Posted 27 February 2023 - 09:05 AM

"omitting -R * ln(P2/P1) in the ideal gas contribution"

 

aha! thats probably the difference... 

 

EntroDep from the big equation - Rln(p1/2) = entropy dep as calcuated by DH/T - R*ln(phi)

 

its just a difference in where the pressure correction is placed.

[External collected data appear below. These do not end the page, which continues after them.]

definition Vx :: "('d::finite phase \<Rightarrow> real) \<Rightarrow> real" where
  "Vx w = (LINT v|lborel. (norm (fst v - xbar w))\<^sup>2 * w v)"

definition Vp :: "('d::finite phase \<Rightarrow> real) \<Rightarrow> real" where
  "Vp w = (LINT v|lborel. (norm (snd v - pbar w))\<^sup>2 * w v)"

definition Vxp :: "('d::finite phase \<Rightarrow> real) \<Rightarrow> real" where
  "Vxp w = (LINT v|lborel. ((fst v - xbar w) \<bullet> (snd v - pbar w)) * w v)"

definition Pot :: "real \<Rightarrow> real \<Rightarrow> ('d::finite phase \<Rightarrow> real) \<Rightarrow> real" where
  "Pot g \<sigma> w = - g / (\<sigma> + 1) * (LINT x|lborel. (rho w x) powr (\<sigma> + 1))"

definition Ham :: "real \<Rightarrow> real \<Rightarrow> ('d::finite phase \<Rightarrow> real) \<Rightarrow> real" where
  "Ham g \<sigma> w = (LINT v|lborel. (norm (snd v))\<^sup>2 * w v) / 2 + Pot g \<sigma> w"

definition Hbar :: "('d::finite phase \<Rightarrow> real) \<Rightarrow> real" where
  "Hbar w = (norm (pbar w))\<^sup>2 / 2"

end

theory Submission
  imports Defs
begin

text \<open>By the virial law \<open>Vx' = 2 Vxp\<close>, and by the variance identity
  \<open>Vxp' = Vp + d \<sigma> Pot\<close>. Conservation of \<open>Ham\<close> and \<open>Hbar\<close> turns
  \<open>Vp = 2 (Ham - Hbar - Pot)\<close> into \<open>Vxp' = d \<sigma> Pot + 2 (E - Pot)\<close> with the constant
  \<open>E = Ham - Hbar\<close>. For \<open>g < 0\<close> we have \<open>0 \<le> Pot \<le> E\<close>, the upper bound because
  \<open>Vp > 0\<close>; so \<open>Vxp'\<close> is a weighted sum of \<open>d \<sigma>\<close> and \<open>2\<close> with weights \<open>Pot\<close> and
  \<open>E - Pot\<close>, and lies between \<open>min (d \<sigma>) 2 * E\<close> and \<open>max (d \<sigma>) 2 * E\<close>.
  Integrating twice gives the two quadratic bounds on \<open>Vx\<close>.\<close>

lemma DERIV_nonneg_imp_increasing_on_interval:
  fixes h h' :: "real \<Rightarrow> real"
  assumes S: "is_interval S"
    and h: "\<And>x. x \<in> S \<Longrightarrow> (h has_real_derivative h' x) (at x within S)"
    and nonneg: "\<And>x. x \<in> S \<Longrightarrow> 0 \<le> h' x"
    and "a \<in> S" "b \<in> S" "a \<le> b"
  shows "h a \<le> h b"
proof -
  have sub: "{a..b} \<subseteq> S"
    using S \<open>a \<in> S\<close> \<open>b \<in> S\<close> unfolding is_interval_1 by (meson atLeastAtMost_iff subsetI)
  have "(h has_derivative (*) (h' x)) (at x within {a..b})" if "a \<le> x" "x \<le> b" for x
  proof -
    have "x \<in> S" using sub that by auto
    then have "(h has_real_derivative h' x) (at x within {a..b})"
      using h has_field_derivative_subset[OF _ sub] by blast
    then show ?thesis unfolding has_field_derivative_def .
  qed
  from mvt_very_simple[OF \<open>a \<le> b\<close> this]
  obtain \<xi> where \<xi>: "\<xi> \<in> {a..b}" "h b - h a = h' \<xi> * (b - a)"
    by auto
  have "0 \<le> h' \<xi> * (b - a)"
    using nonneg[of \<xi>] \<xi>(1) sub \<open>a \<le> b\<close> by auto
  then show ?thesis using \<xi>(2) by simp
qed

lemma second_order_lower_bound:
  fixes F G G' :: "real \<Rightarrow> real"
  assumes S: "is_interval S"
    and F: "\<And>x. x \<in> S \<Longrightarrow> (F has_real_derivative 2 * G x) (at x within S)"
    and G: "\<And>x. x \<in> S \<Longrightarrow> (G has_real_derivative G' x) (at x within S)"
    and lower: "\<And>x. x \<in> S \<Longrightarrow> c \<le> G' x"
    and "a \<in> S" "z \<in> S" "a \<le> z"
  shows "F a + 2 * G a * (z - a) + c * (z - a)\<^sup>2 \<le> F z"
proof -
  define S' where "S' = S \<inter> {a..}"
  have S': "is_interval S'"
    unfolding S'_def by (intro is_interval_Int S) (simp add: is_interval_ci)
  have G_lower: "G a + c * (x - a) \<le> G x" if "x \<in> S'" for x
  proof -
    have "G a - c * a \<le> G x - c * x"
    proof (rule DERIV_nonneg_imp_increasing_on_interval[OF S',
          where h="\<lambda>t. G t - c * t" and h'="\<lambda>y. G' y - c"])
      show "((\<lambda>t. G t - c * t) has_real_derivative G' y - c) (at y within S')" if "y \<in> S'" for y
      proof -
        have "(G has_real_derivative G' y) (at y within S')"
          using G that has_field_derivative_subset unfolding S'_def by blast
        then show ?thesis by (auto intro!: derivative_eq_intros)
      qed
      show "0 \<le> G' y - c" if "y \<in> S'" for y
        using lower that unfolding S'_def by auto
    qed (use that \<open>a \<in> S\<close> in \<open>auto simp: S'_def\<close>)
    then show ?thesis by (simp add: algebra_simps)
  qed
  have "F a - 2 * G a * a - c * (a - a)\<^sup>2 \<le> F z - 2 * G a * z - c * (z - a)\<^sup>2"
  proof (rule DERIV_nonneg_imp_increasing_on_interval[OF S',
        where h="\<lambda>t. F t - 2 * G a * t - c * (t - a)\<^sup>2"
          and h'="\<lambda>y. 2 * G y - 2 * G a - 2 * c * (y - a)"])
    show "((\<lambda>t. F t - 2 * G a * t - c * (t - a)\<^sup>2) has_real_derivative
        2 * G y - 2 * G a - 2 * c * (y - a)) (at y within S')" if "y \<in> S'" for y
    proof -
      have "(F has_real_derivative 2 * G y) (at y within S')"
        using F that has_field_derivative_subset unfolding S'_def by blast
      then show ?thesis by (auto intro!: derivative_eq_intros simp: algebra_simps)
    qed
    show "0 \<le> 2 * G y - 2 * G a - 2 * c * (y - a)" if "y \<in> S'" for y
      using G_lower[OF that] by simp
  qed (use assms in \<open>auto simp: S'_def\<close>)
  then show ?thesis by (simp add: algebra_simps)
qed

lemma second_order_bounds:
  fixes F G G' :: "real \<Rightarrow> real"
  assumes S: "is_interval S"
    and F: "\<And>x. x \<in> S \<Longrightarrow> (F has_real_derivative 2 * G x) (at x within S)"
    and G: "\<And>x. x \<in> S \<Longrightarrow> (G has_real_derivative G' x) (at x within S)"
    and bounds: "\<And>x. x \<in> S \<Longrightarrow> c \<le> G' x \<and> G' x \<le> C"
    and "a \<in> S" "z \<in> S" "a \<le> z"
  shows "F a + 2 * G a * (z - a) + c * (z - a)\<^sup>2 \<le> F z
    \<and> F z \<le> F a + 2 * G a * (z - a) + C * (z - a)\<^sup>2"
proof
  show "F a + 2 * G a * (z - a) + c * (z - a)\<^sup>2 \<le> F z"
    using second_order_lower_bound[OF S F G _ assms(5-7)] bounds by blast
  have "- F a + 2 * - G a * (z - a) + - C * (z - a)\<^sup>2 \<le> - F z"
  proof (rule second_order_lower_bound[OF S _ _ _ assms(5-7)])
    fix x assume "x \<in> S"
    show "((\<lambda>t. - F t) has_real_derivative 2 * - G x) (at x within S)"
      using F[OF \<open>x \<in> S\<close>] by (auto intro!: derivative_eq_intros)
    show "((\<lambda>t. - G t) has_real_derivative - G' x) (at x within S)"
      using G[OF \<open>x \<in> S\<close>] by (auto intro!: derivative_eq_intros)
    show "- C \<le> - G' x" using bounds[OF \<open>x \<in> S\<close>] by simp
  qed
  then show "F z \<le> F a + 2 * G a * (z - a) + C * (z - a)\<^sup>2" by simp
qed

lemma integral_vec_nth:
  fixes f :: "'a \<Rightarrow> real^'n"
  assumes "integrable M f"
  shows "(LINT u|M. f u) $ i = (LINT u|M. f u $ i)"
  using integral_inner_left[of "axis i 1" M f] assms by (simp add: cart_eq_inner_axis)

lemma integrable_scaleR_of_second_moment:
  fixes f :: "'a \<Rightarrow> 'b::euclidean_space"
  assumes w: "integrable M w" and nonneg: "\<And>v. 0 \<le> w v"
    and f: "f \<in> borel_measurable M"
    and f2: "integrable M (\<lambda>v. (norm (f v))\<^sup>2 * w v)"
  shows "integrable M (\<lambda>v. w v *\<^sub>R f v)"
proof (rule Bochner_Integration.integrable_bound[where f="\<lambda>v. w v + (norm (f v))\<^sup>2 * w v"])
  show "integrable M (\<lambda>v. w v + (norm (f v))\<^sup>2 * w v)" using w f2 by auto
  show "(\<lambda>v. w v *\<^sub>R f v) \<in> borel_measurable M" using w f by measurable
  have "norm (w v *\<^sub>R f v) \<le> norm (w v + (norm (f v))\<^sup>2 * w v)" for v
  proof -
    have "2 * norm (f v) \<le> 1 + (norm (f v))\<^sup>2"
      using zero_le_power2[of "norm (f v) - 1"] by (simp add: power2_diff)
    then have "norm (f v) * w v \<le> (1 + (norm (f v))\<^sup>2) * w v"
      using nonneg[of v] norm_ge_zero[of "f v"] by (intro mult_right_mono) linarith+
    then show ?thesis using nonneg[of v] by (simp add: algebra_simps)
  qed
  then show "AE v in M. norm (w v *\<^sub>R f v) \<le> norm (w v + (norm (f v))\<^sup>2 * w v)"
    by simp
qed

lemma integrable_inner_of_second_moments:
  fixes f g :: "'a \<Rightarrow> 'b::euclidean_space"
  assumes nonneg: "\<And>v. 0 \<le> w v" and w: "w \<in> borel_measurable M"
    and f: "f \<in> borel_measurable M" and g: "g \<in> borel_measurable M"
    and f2: "integrable M (\<lambda>v. (norm (f v))\<^sup>2 * w v)"
    and g2: "integrable M (\<lambda>v. (norm (g v))\<^sup>2 * w v)"
  shows "integrable M (\<lambda>v. (f v \<bullet> g v) * w v)"
proof (rule Bochner_Integration.integrable_bound
    [where f="\<lambda>v. (norm (f v))\<^sup>2 * w v + (norm (g v))\<^sup>2 * w v"])
  show "integrable M (\<lambda>v. (norm (f v))\<^sup>2 * w v + (norm (g v))\<^sup>2 * w v)" using f2 g2 by auto
  show "(\<lambda>v. (f v \<bullet> g v) * w v) \<in> borel_measurable M" using w f g by measurable
  have "norm ((f v \<bullet> g v) * w v)
      \<le> norm ((norm (f v))\<^sup>2 * w v + (norm (g v))\<^sup>2 * w v)" for v
  proof -
    have "2 * (norm (f v) * norm (g v)) \<le> (norm (f v))\<^sup>2 + (norm (g v))\<^sup>2"
      using zero_le_power2[of "norm (f v) - norm (g v)"] by (simp add: power2_diff)
    then have "\<bar>f v \<bullet> g v\<bar> * w v \<le> ((norm (f v))\<^sup>2 + (norm (g v))\<^sup>2) * w v"
      using nonneg[of v] Cauchy_Schwarz_ineq2[of "f v" "g v"]
        mult_nonneg_nonneg[OF norm_ge_zero[of "f v"] norm_ge_zero[of "g v"]]
      by (intro mult_right_mono) linarith+
    then show ?thesis using nonneg[of v] by (simp add: abs_mult algebra_simps)
  qed
  then show "AE v in M. norm ((f v \<bullet> g v) * w v)
      \<le> norm ((norm (f v))\<^sup>2 * w v + (norm (g v))\<^sup>2 * w v)"
    by simp
qed

lemma integral_centered_inner:
  fixes f g :: "'a \<Rightarrow> 'b::euclidean_space" and w :: "'a \<Rightarrow> real" and M :: "'a measure"
  defines "fbar \<equiv> LINT u|M. w u *\<^sub>R f u" and "gbar \<equiv> LINT u|M. w u *\<^sub>R g u"
  assumes w: "integrable M w" and nonneg: "\<And>v. 0 \<le> w v" and normalized: "(LINT v|M. w v) = 1"
    and f: "f \<in> borel_measurable M" and g: "g \<in> borel_measurable M"
    and f2: "integrable M (\<lambda>v. (norm (f v))\<^sup>2 * w v)"
    and g2: "integrable M (\<lambda>v. (norm (g v))\<^sup>2 * w v)"
  shows "(LINT v|M. ((f v - fbar) \<bullet> (g v - gbar)) * w v)
    = (LINT v|M. (f v \<bullet> g v) * w v) - fbar \<bullet> gbar"
proof -
  have wf: "integrable M (\<lambda>v. w v *\<^sub>R f v)"
    using integrable_scaleR_of_second_moment[OF w nonneg f f2] .
  have wg: "integrable M (\<lambda>v. w v *\<^sub>R g v)"
    using integrable_scaleR_of_second_moment[OF w nonneg g g2] .
  have fg: "integrable M (\<lambda>v. (f v \<bullet> g v) * w v)"
    using integrable_inner_of_second_moments[OF nonneg _ f g f2 g2] w by auto
  have "(LINT v|M. ((f v - fbar) \<bullet> (g v - gbar)) * w v)
      = (LINT v|M. (f v \<bullet> g v) * w v - fbar \<bullet> (w v *\<^sub>R g v) - (w v *\<^sub>R f v) \<bullet> gbar
          + (fbar \<bullet> gbar) * w v)"
    by (rule arg_cong[where f="integral\<^sup>L M"])
      (auto simp: algebra_simps inner_diff_left inner_diff_right)
  also have "\<dots> = (LINT v|M. (f v \<bullet> g v) * w v) - (LINT v|M. fbar \<bullet> (w v *\<^sub>R g v))
      - (LINT v|M. (w v *\<^sub>R f v) \<bullet> gbar) + (LINT v|M. (fbar \<bullet> gbar) * w v)"
  proof -
    have "integrable M (\<lambda>v. fbar \<bullet> (w v *\<^sub>R g v))"
      by (rule Bochner_Integration.integrable_inner_right) (rule wg)
    moreover have "integrable M (\<lambda>v. (w v *\<^sub>R f v) \<bullet> gbar)"
      by (rule Bochner_Integration.integrable_inner_left) (rule wf)
    moreover have "integrable M (\<lambda>v. (fbar \<bullet> gbar) * w v)"
      using w by simp
    ultimately show ?thesis
      using fg by (simp only: Bochner_Integration.integral_add Bochner_Integration.integral_diff
          Bochner_Integration.integrable_diff)
  qed
  also have "\<dots> = (LINT v|M. (f v \<bullet> g v) * w v) - fbar \<bullet> gbar - fbar \<bullet> gbar + fbar \<bullet> gbar"
  proof -
    have "(LINT v|M. fbar \<bullet> (w v *\<^sub>R g v)) = fbar \<bullet> gbar"
      unfolding gbar_def by (rule integral_inner_right) (rule wg)
    moreover have "(LINT v|M. (w v *\<^sub>R f v) \<bullet> gbar) = fbar \<bullet> gbar"
      unfolding fbar_def by (rule integral_inner_left) (rule wf)
    ultimately show ?thesis using normalized by simp
  qed
  finally show ?thesis by simp
qed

Edited by SilverShaded, 27 February 2023 - 11:05 AM.


#23 mrbabu

mrbabu

    Gold Member

  • Members
  • 55 posts

Posted 01 March 2023 - 01:57 AM

mrbabu,

with Prode Properties you can calculate departures in different ways (just consider the relationships among fugacity, enthalpy, entropy...),

for example, since with Prode yo have access to fugacities, enthalpies, entropies and volumes for a stream you can calculate :

 

dS = dH / T - Rgas*SUM(zi*ln(phi))

 

similar correlations for dH and so on...

however a simple solution is to evaluate the difference (real model - ideal model),
I define stream 1 and 2 with the same composition but 1 has the ideal model for H, S while in stream 2 I define for H, S the model I am interested to evaluate...
note that StrSGH() returns mass based values, to convert to mole multiply by Molar Weight,

in Excel, cell B1 enter temperature, cell B2 enter pressure
then enter these macros to calculate dH and dS at specified conditions...

= setOp(1,B1,B2)
= setOp(2,B1,B2)
= (StrSGH(2)-StrSGH(1))*StrMw(1)
= (StrSGS(2)-StrSGS(1))*StrMw(1)

 

 

click this link to see the snapshot of Excel :

https://ibb.co/nLTTxpY

according my tests this works for all H , S  models included in Prode Properties with some minor differences for models based on Helmholtz (GERG 2008 etc.)  probably cause these have specific correlations for ideal state...

 

thank you very much Paolo !

I'll open a specific thread about Prode Properties as I need to access several properties and the derivatives (dP, dT, dW)



#24 breizh

breizh

    Gold Member

  • Admin
  • 6,349 posts

Posted 03 March 2023 - 07:18 AM

Hi,

I've updated my document with derivation and application to the initial problem. I found a few mistakes in the documents supplied by the OP.

At the end of the day better to use a Simulator, hand calculation is a pain. 

Hope this is helping those interested by the subject.